The Daylight Saving for South East Queensland Referendum Bill 2010 was a bill tabled in the Queensland Parliament on 14 April 2010, by Independent Member Peter Wellington. Wellington had called for a referendum to be held at the next State election on introduction of daylight saving time for South East Queensland. The Bill proposed a split-time zone for the state of Queensland and had suggested that the local government areas of Brisbane, Gold Coast, Sunshine Coast, Ipswich, Logan, Scenic Rim, Redland and Moreton Bay be included in the daylight saving time zone, while the rest of the state remains on standard time.

==Drafting==
In early 2010, the Daylight Saving for South East Queensland (DS4SEQ) political party approached Wellington to introduce a private member's bill. As Wellington agreed with the principles of the DS4SEQ proposal, specifically the dual time zone arrangement, he drafted the Daylight Saving for South East Queensland Referendum Bill 2010.

==Response==
In response to this bill, Leader of the Opposition John-Paul Langbroek, immediately announced that he would not support the bill, saying "We will not be supporting a referendum on daylight saving," and "I don't want to make an interstate problem an intrastate problem."

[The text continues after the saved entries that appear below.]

inductive atomic_rule :: "rule_kind \<Rightarrow> aform \<Rightarrow> aform \<Rightarrow> bool" where
  ai_down: "atomic_rule Interaction TT (Dis (At a e1) (At (bar a) e2))"
| aw_down: "atomic_rule Weakening FF (At a e)"
| ac_down: "atomic_rule Contraction (Dis (At a e1) (At a e2)) (At a e3)"
| ai_up: "atomic_rule Cut (Con (At a e1) (At (bar a) e2)) FF"
| aw_up: "atomic_rule Coweakening (At a e) TT"
| ac_up: "atomic_rule Cocontraction (At a e) (Con (At a e1) (At a e2))"

text \<open>A derivation is a list of formulae fs = [phi_0, ..., phi_n] together with the list ks
  of the rules of its n steps (None for switch/medial/equations, Some k for an atomic rule k).
  Labels are distinct within each formula; occurrences in the context (and in the instantiated
  subformulae of non-atomic rules) keep their labels; the atom occurrences of the redex in the
  conclusion of an atomic step get fresh labels (new edges).\<close>
definition sks_derivation :: "aform list \<Rightarrow> rule_kind option list \<Rightarrow> bool" where
  "sks_derivation fs ks \<longleftrightarrow>
     fs \<noteq> [] \<and> length fs = Suc (length ks) \<and>
     (\<forall>j < length fs. distinct (labs (fs ! j))) \<and>
     (\<forall>i < length ks.
        (ks ! i = None \<longrightarrow>
           (\<exists>c A B. fs ! i = fill c A \<and> fs ! Suc i = fill c B \<and> nonatomic A B)) \<and>
        (\<forall>k. ks ! i = Some k \<longrightarrow>
           (\<exists>c A B. fs ! i = fill c A \<and> fs ! Suc i = fill c B \<and> atomic_rule k A B \<and>
              (\<forall>j \<le> i. \<forall>e \<in> set (labs B). e \<notin> set (labs (fs ! j))))))"

text \<open>up e = None means up(e) = top, lo e = None means lo(e) = bottom.\<close>
record ('v, 'e) flow =
  fV :: "'v set"
  fE :: "'e set"
  eta :: "'v \<Rightarrow> rule_kind"
  up :: "'e \<Rightarrow> 'v option"
  lo :: "'e \<Rightarrow> 'v option"

fun edge_numbers :: "rule_kind \<Rightarrow> nat \<times> nat" where
  "edge_numbers Interaction = (0, 2)"
| "edge_numbers Cut = (2, 0)"
| "edge_numbers Weakening = (0, 1)"
| "edge_numbers Coweakening = (1, 0)"
| "edge_numbers Contraction = (2, 1)"
| "edge_numbers Cocontraction = (1, 2)"

definition upper_edges :: "('v, 'e) flow \<Rightarrow> 'v \<Rightarrow> 'e set" where
  "upper_edges F v = {e \<in> fE F. lo F e = Some v}"
definition nhd0 :: "'a::{zero,topological_space} set \<Rightarrow> bool" where
  "nhd0 W \<longleftrightarrow> (\<exists>V. open V \<and> 0 \<in> V \<and> V \<subseteq> W)"

definition SA_carrier :: "'a::{ab_group_add,topological_space} set \<Rightarrow> ('a \<Rightarrow> 'a) set" where
  "SA_carrier A = {f \<in> (\<Pi>\<^sub>E a\<in>A. cyclic_subgroup a). finite {a \<in> A. f a \<noteq> 0}}"

definition SA_top :: "'a::{ab_group_add,topological_space} set \<Rightarrow> ('a \<Rightarrow> 'a) topology" where
  "SA_top A = subtopology (product_topology (\<lambda>a. subtopology euclidean (cyclic_subgroup a)) A)
                          (SA_carrier A)"

definition kalton :: "'a::ab_group_add set \<Rightarrow> ('a \<Rightarrow> 'a) \<Rightarrow> 'a" where
  "kalton A f = (\<Sum>a\<in>{a \<in> A. f a \<noteq> 0}. f a)"

definition top_independent :: "'a::{ab_group_add,topological_space} set \<Rightarrow> bool" where
  "top_independent A \<longleftrightarrow> 0 \<notin> A \<and>
     (\<forall>W. nhd0 W \<longrightarrow> (\<exists>U. nhd0 U \<and>
        (\<forall>F z. finite F \<and> F \<subseteq> A \<longrightarrow>
           (\<Sum>a\<in>F. zmult (z a) a) \<in> U \<longrightarrow> (\<forall>a\<in>F. zmult (z a) a \<in> W))))"

end

theory Submission
  imports Defs
begin

text \<open>Every element of \<open>S\<^sub>A\<close> is a finitely supported tuple of multiples \<open>z\<^sub>a a\<close>, so
  topological independence says precisely that a small value \<open>K\<^sub>A g\<close> forces every coordinate
  \<open>g a\<close> to be small. As the topology of \<open>S\<^sub>A\<close> is coordinatewise and a basic neighbourhood
  constrains only finitely many coordinates, this makes the image of a neighbourhood of \<open>f\<close> a
  neighbourhood of \<open>K\<^sub>A f\<close> in \<open>\<langle>A\<rangle>\<close>. Conversely, if \<open>K\<^sub>A\<close> is an embedding, the image of a small
  box \<open>B\<close> around \<open>0\<close> is the trace on \<open>\<langle>A\<rangle>\<close> of an open set \<open>U\<close>; by injectivity every \<open>g\<close> with
  \<open>K\<^sub>A g \<in> U\<close> lies in \<open>B\<close>, and so does each of its one-coordinate truncations, whose
  \<open>K\<^sub>A\<close>-values are the single summands \<open>g a\<close>.\<close>

subsection \<open>Integer multiples and subgroups\<close>

lemma nmult_Suc: "nmult (Suc n) a = nmult n a + a"
  by (simp add: nmult_def)

lemma zmult_0 [simp]: "zmult 0 a = 0"
  by (simp add: zmult_def nmult_def)

lemma zmult_add1: "zmult (k + 1) a = zmult k a + a"
proof (cases "k \<ge> 0")
  case True
  then have "nat (k + 1) = Suc (nat k)" by simp
  with True show ?thesis by (simp add: zmult_def nmult_Suc)
next
  case False
  show ?thesis
  proof (cases "k = -1")
    case True then show ?thesis by (simp add: zmult_def nmult_def)
  next
    case k_neq: False
    with False have "nat (- k) = Suc (nat (- (k + 1)))" by simp
    with False k_neq show ?thesis by (simp add: zmult_def nmult_Suc)
  qed
qed
theorem theorem1:
  fixes N :: nat
    and f phi df dphi :: "nat \<Rightarrow> real \<Rightarrow> real"
    and d lo hi :: "nat \<Rightarrow> real"
    and lam :: "real \<Rightarrow> real"
  assumes nonempty: "\<forall>i\<in>{1..N}. lo i \<le> hi i"
    and f_deriv: "\<forall>i\<in>{1..N}. \<forall>x. (f i has_real_derivative df i x) (at x)"
    and phi_deriv: "\<forall>i\<in>{1..N}. \<forall>x. (phi i has_real_derivative dphi i x) (at x)"
    and df_cont: "\<forall>i\<in>{1..N}. continuous_on UNIV (df i)"
    and dphi_cont: "\<forall>i\<in>{1..N}. continuous_on UNIV (dphi i)"
    and f_strict_convex: "\<forall>i\<in>{1..N}. strictly_convex_on {lo i..hi i} (f i)"
    and phi_convex: "\<forall>i\<in>{1..N}. convex_on {lo i..hi i} (phi i)"
    and dphi_lt1: "\<forall>i\<in>{1..N}. \<forall>x\<in>{lo i..hi i}. dphi i x < 1"
    and df_pos: "\<forall>i\<in>{1..N}. \<forall>x\<in>{lo i..hi i}. df i x > 0"
    and feas: "\<exists>x. feasible N phi d lo hi x"
    and ode: "\<forall>t\<ge>0. (lam has_real_derivative
                 (\<Sum>i=1..N. d i - xhat (lo i) (hi i) (vfun (df i) (dphi i)) (lam t)
                     + phi i (xhat (lo i) (hi i) (vfun (df i) (dphi i)) (lam t))))
               (at t within {0..})"
  shows "\<exists>lstar. (lam \<longlongrightarrow> lstar) at_top
           \<and> (\<forall>\<mu>. gm N f phi df dphi d lo hi \<mu> \<le> gm N f phi df dphi d lo hi lstar)
           \<and> optimal N f phi d lo hi (\<lambda>i. xhat (lo i) (hi i) (vfun (df i) (dphi i)) lstar)"
proof -
  interpret allocation_problem N f phi df dphi d lo hi
    using assms by unfold_locales (unfold_locales, auto)
  interpret antitone_flow dual_gradient lam
    using continuous_on_dual_gradient antimono_dual_gradient ode
    by unfold_locales (auto simp: dual_gradient_def)
  obtain lstar where "(lam \<longlongrightarrow> lstar) at_top" "dual_gradient lstar = 0"
    using tendsto_equilibrium dual_gradient_has_zero[OF feas] by blast
  then show ?thesis
    using optimal_xopt_if_dual_gradient_zero gm_le_if_dual_gradient_zero by blast
qed
text \<open>
A branched triangle has its corners named by their branching
rank 0 < 1 < 2 (corner 1 is the 1-labelled, i.e. middle, corner).  Its sides are named
by their (ordered) pair of corners; side (a,b) with a < b is oriented from corner a to
corner b.  A branched ideal triangulation is a finite set F of triangle names, a gluing
gl of sides (fixed-point free involution), which in the branched setting must identify
source with source and target with target, and a labelling vert of corners by the
ideal vertices, which is exactly the quotient of corners by the gluing.
\<close>

definition Sides :: "(nat \<times> nat) set" where
  "Sides = {(0,1),(0,2),(1,2)}"

type_synonym ('a,'v) btri =
  "'a set \<times> ('a \<times> (nat \<times> nat) \<Rightarrow> 'a \<times> (nat \<times> nat)) \<times> ('a \<Rightarrow> nat \<Rightarrow> 'v)"

definition corner_adj :: "'a set \<Rightarrow> ('a \<times> (nat \<times> nat) \<Rightarrow> 'a \<times> (nat \<times> nat)) \<Rightarrow> (('a \<times> nat) \<times> ('a \<times> nat)) set" where
  "corner_adj F gl = {((t,a),(t',a')) | t s t' s' a a'. t \<in> F \<and> s \<in> Sides \<and> gl (t,s) = (t',s') \<and>
      ((a = fst s \<and> a' = fst s') \<or> (a = snd s \<and> a' = snd s'))}"

definition dual_adj :: "'a set \<Rightarrow> ('a \<times> (nat \<times> nat) \<Rightarrow> 'a \<times> (nat \<times> nat)) \<Rightarrow> ('a \<times> 'a) set" where
  "dual_adj F gl = {(t,t') | t s t' s'. t \<in> F \<and> s \<in> Sides \<and> gl (t,s) = (t',s')}"

definition branched_triangulation :: "('a,'v) btri \<Rightarrow> bool" where
  "branched_triangulation T \<longleftrightarrow> (case T of (F, gl, vert) \<Rightarrow>
     finite F \<and> F \<noteq> {} \<and>
     (\<forall>t\<in>F. \<forall>s\<in>Sides. gl (t,s) \<in> F \<times> Sides \<and> gl (gl (t,s)) = (t,s) \<and> gl (t,s) \<noteq> (t,s)) \<and>
     (\<forall>t\<in>F. \<forall>s\<in>Sides.
        vert t (fst s) = vert (fst (gl (t,s))) (fst (snd (gl (t,s)))) \<and>
        vert t (snd s) = vert (fst (gl (t,s))) (snd (snd (gl (t,s))))) \<and>
     (\<forall>t\<in>F. \<forall>t'\<in>F. \<forall>c<3. \<forall>c'<3. vert t c = vert t' c' \<longrightarrow>
        ((t,c),(t',c')) \<in> (corner_adj F gl)\<^sup>*) \<and>
     (\<forall>t\<in>F. \<forall>t'\<in>F. (t,t') \<in> (dual_adj F gl)\<^sup>*))"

The Premier of Queensland, Anna Bligh, announced a community consultation process, which resulted in over 74,000 respondents participating, 64 per cent of whom supported a trial of daylight saving, while 63 per cent were also in favour of holding a referendum. On 7 June 2010, and after reviewing the favourable consultation results, Bligh announced that her Government would not support the bill because regional Queenslanders were overwhelmingly opposed to daylight saving. DS4SEQ called for Bligh and her government to reconsider their position.

The bill was defeated in Queensland Parliament on 15 June 2011.

==Previous daylight saving referendum==
Queensland had had one referendum on daylight saving, held on 22 February 1992, with the question: "Are you in favour of daylight saving?", which was defeated with a 54.5 per cent 'no' vote. The vote on this referendum was after Queensland had trialled daylight saving over a three-year period, from 1989/90 to 1991/92. The referendum result displayed a distinct trend—that public opinion on daylight saving in Queensland is geographically divided, with the 'no' vote strongest in the north and west regional districts, while the 'yes' vote was strongest in the state's metropolitan south-east.